# did some glass panel cabinet doors today



## Oneal-Woodworking (Apr 14, 2013)

Mostly involving 'homemade jigs' and such.










These are the cuts that matter most and they were not very hard to get to...


----------



## Jig_saw (May 17, 2015)

Neat! Looks great.


----------



## Steve Neul (Sep 2, 2011)

The easiest way to make a glass panel door is to go ahead and use your cabinet door coping and sticking and build the door without the panel. Then after it is rough sanded route off the lip from the back side to insert the glass. The best bit to use is a solid carbide laminate trimmer with the end ground off so that the guide will fit in the panel groove.

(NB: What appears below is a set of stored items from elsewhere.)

lemma state_seq_prob_delta_bar:
  assumes "1 \<le> k"
  shows "state_seq_prob P Obs sI k gam (delta_bar k) t ss =
     path_prob sI (\<lambda>t. controlled_kernel P Obs (gam (min (Suc t) k))) t ss"
proof (cases t)
  case (Suc n)
  have "min (Suc n) k \<in> {1..k}" using assms by auto
  then show ?thesis
    unfolding state_seq_prob_def Suc fsc_alpha_delta_bar[OF assms] by (simp add: sum.delta)
qed (simp add: state_seq_prob_def)

lemma cond_entropy_delta_bar:
  assumes "1 \<le> k"
  shows "cond_entropy P Obs sI k gam (delta_bar k) t =
     chain_cond_entropy sI (\<lambda>t. controlled_kernel P Obs (gam (min (Suc t) k))) t"
  unfolding cond_entropy_def chain_cond_entropy_def state_seq_prob_delta_bar[OF assms] ..

lemma disc_entropy_delta_bar_lift:
  assumes "1 \<le> j" "j \<le> k"
  shows "disc_entropy P Obs sI j gam (delta_bar j) \<beta> =
         disc_entropy P Obs sI k (\<lambda>q. gam (min q j)) (delta_bar k) \<beta>"
proof -
  have "min (min (Suc t) k) j = min (Suc t) j" for t
    using assms by (auto simp: min_def)
  then show ?thesis
    using assms unfolding disc_entropy_def by (simp add: cond_entropy_delta_bar)
qed

lemma disc_entropy_delta_bar_le:
  fixes P :: "'s::finite \<Rightarrow> 'a::finite \<Rightarrow> 's \<Rightarrow> real" and Obs :: "'s \<Rightarrow> 'z::finite \<Rightarrow> real"
  assumes "is_pomdp P Obs" "valid_decision k gam" "1 \<le> k" "0 \<le> \<beta>" "\<beta> < 1"
  shows "disc_entropy P Obs sI k gam (delta_bar k) \<beta> \<le> (real CARD('s) - 1) / (1 - \<beta>)"
proof -
  have "stochastic (controlled_kernel P Obs (gam (min (Suc t) k)))" for t
    using assms(1-3) by (intro stochastic_controlled_kernel) (auto simp: valid_decision_iff_stochastic)
  note bounds = chain_cond_entropy_bounds[OF this]
  show ?thesis
    unfolding disc_entropy_def cond_entropy_delta_bar[OF assms(3)] numeral_2_eq_2 add_Suc_right add_0_right
    using bounds assms(4,5) by (intro suminf_discounted_le)
qed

It leaves such a small radius in the corners unless you put some kind of wood stop to hold the glass isn't necessary to chisel out the corners square. You can hold the glass in with glaziers points and either put caulk or window glazing in to hold the glass.


----------



## Oneal-Woodworking (Apr 14, 2013)

This is a picture of the stiles and rails before assembly:










This is 'mostly' how I got there with these cuts and it was fairly easy. 



















Fence setting never changed for any of this. 

I 'could' have just stood these pieces up and did them on the table saw as well (same thickness slot either way here) but sometimes laying the piece down flat makes things easier for 'me'. To each his own...










Technically - I never left the table saw and am still using the same fence and table setup. (because it is EASY)

Fence setting never changed for any of this. 


These mulls had to be cut a little on the table saw before going back to the shaper:











That was not hard and I never needed to get any digits (very) close to the blade at all.


----------